沙利度胺抑制實驗性自身免疫性腦脊髓炎與促進Treg細胞中樞募集有關

王趙偉 厲芳 吳承龍 肖桂榮 鐘芳芳

目的 研究沙利度胺對實驗性自身免疫性腦脊髓炎（EAE）的治療作用及神經(jīng)免疫機制。 方法 采用豚鼠脊髓勻漿免疫誘導SD大鼠制作EAE模型。在免疫誘導當天開始，分別給予15、30、60mg/kg沙利度胺，溶劑組給予無菌溶劑，空白對照組不予給藥，每日監(jiān)測行為學評分，至免疫誘導的第20天統(tǒng)一處死。常規(guī)病理染色檢測中樞炎癥水平，流式細胞術檢測中樞CD4+T細胞浸潤水平以及CD4+CD25+Treg細胞比例，Elisa檢測血清INF-γ與TNF-α蛋白濃度。 結果 與溶劑組比較，給予15mg/kg沙利度胺大鼠EAE行為學評分、中樞炎癥程度、CD4+T淋巴細胞浸潤水平，血清INF-γ濃度均有下降趨勢但差異無統(tǒng)計學意義（P＞0.05），而TNF-α濃度下降差異有統(tǒng)計學意義（P＜0.05）。給予30、60mg/kg沙利度胺均可使行為學評分下降，中樞炎癥減輕，中樞CD4+T細胞浸潤減少，血清INF-γ，TNF-α濃度降低。流式細胞術還發(fā)現(xiàn)沙利度胺可促進中樞Treg比例上調，差異有統(tǒng)計學意義。 結論 沙利度胺對大鼠EAE的治療作用可能與促進Treg細胞向中樞募集有關。

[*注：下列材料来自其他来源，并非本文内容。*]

theorem proposition4:
  fixes A B R :: real and k :: complex and Psi1 Psi2 :: "real \<Rightarrow> complex^2^2"
  assumes "A > 0" and "R \<ge> 0"
    and "k \<noteq> of_real B" and "k \<noteq> - of_real B"
    and "solves_Psi1 (q0R A B R) A B k Psi1"
    and "solves_Psi2 (q0R A B R) A B k Psi2"
  shows "(Im k \<ge> 0 \<longrightarrow> a1 (Psi1 0) (Psi2 0)
            = 1 + (of_real A)^2 * exp (4 * \<i> * k * of_real R) / (4 * (k^2 - (of_real B)^2)))
       \<and> (Im k \<le> 0 \<longrightarrow> a2 (Psi1 0) (Psi2 0) = 1)
       \<and> (Im k = 0 \<longrightarrow> bfun (Psi1 0) (Psi2 0)
            = - \<i> * of_real A * exp (2 * \<i> * of_real R * (k - of_real B)) / (2 * (k - of_real B)))"
proof -
  have "k - of_real B \<noteq> 0" and "k + of_real B \<noteq> 0"
    using assms(3,4) by (auto simp: add_eq_0_iff2)
  moreover have "exp (2 * \<i> * of_real R * (k - of_real B)) * exp (2 * \<i> * of_real R * (k + of_real B))
      = exp (4 * \<i> * k * of_real R)"
    by (simp add: algebra_simps flip: exp_add)
  ultimately have "a1 (Psi1 0) (Psi2 0)
      = 1 + (of_real A)^2 * exp (4 * \<i> * k * of_real R) / (4 * (k^2 - (of_real B)^2))"
    unfolding a1_def det_cols_2 column_nth Psi1_at_zero[OF assms(5,2,3)] Psi2_at_zero[OF assms(6,2,4)]
    by (simp add: field_simps power2_eq_square)
  then show ?thesis
    unfolding a2_def bfun_def det_cols_2 column_nth
      Psi1_at_zero[OF assms(5,2,3)] Psi2_at_zero[OF assms(6,2,4)]
    by simp
qed

end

沙利度胺 多發(fā)性硬化 實驗性自身免疫性腦脊髓炎 調節(jié)性T細胞

多發(fā)性硬化是臨床常見的中樞神經(jīng)系統(tǒng)脫髓鞘疾病[1]。實驗性自身免疫性腦脊髓炎（EAE）是多發(fā)性硬化的經(jīng)典動物模型。多發(fā)性硬化與EAE的炎癥病灶均被發(fā)現(xiàn)存在致病性CD4+T細胞和調節(jié)性T細胞（Treg）[2-3]。調節(jié)性T細胞對于疾病恢復起關鍵作用。盡管已有多個修飾性治療新藥上市，但是療效不夠理想[4]。沙利度胺作為免疫調節(jié)作用的經(jīng)典藥物，近來發(fā)現(xiàn)對多種惡性腫瘤及自身免疫性疾病有效[5-7]。盡管確切藥理作用機制還不明[8]，但不良反應小且價格低廉，將其開發(fā)為治療藥物具有重要意義。本研究主要探討沙利度胺對于EAE的療效及相關神經(jīng)免疫機制，為后續(xù)臨床研究提供動物實驗基礎和理論依據(jù)。

1 材料和方法

1.1 材料

雄性 SD大鼠45只，11～12周齡，體重（448.5±24.3）g；豚鼠 14 只，雌雄不拘，10～12 周齡，均購自上海斯萊克實驗動物有限公司；沙利度胺（批號：T144-1G）、完全弗氏佐劑（批號：F5881-6X10ml）、Percoll液（批號：P4937-500ml）均購自美國 Sigma-Aldrich公司；INF-γ（批號：RIF00）與 TNF-α（批號：RTA00）Elisa試劑盒購自上海安迪生物科技有限公司；別藻青蛋白（APC）標記的CD4抗體（批號：17-0040-82）、異硫氰酸熒光素（FITC）標記的CD3抗體（批號：11-0030-82）、藻紅蛋白（PE）標記的CD25抗體（批號：12-0390-82）購自美國eBioscience公司。

1.2 方法

1.2.1 動物分組與處理 將45只SD大鼠分為5個實驗組，即溶劑組、15mg/kg組、30mg/kg組、60mg/kg組（每組10只）、空白對照組（5只）。除空白對照組采用0.9%氯化鈉溶液與完全弗氏佐劑的混合乳劑免疫誘導外，其余4組均按EAE模型制作方法處理。4組中，溶劑組腹腔注射2%二甲基亞砜溶液，其余3組分別腹腔注射沙利度胺 15、30、60mg/kg。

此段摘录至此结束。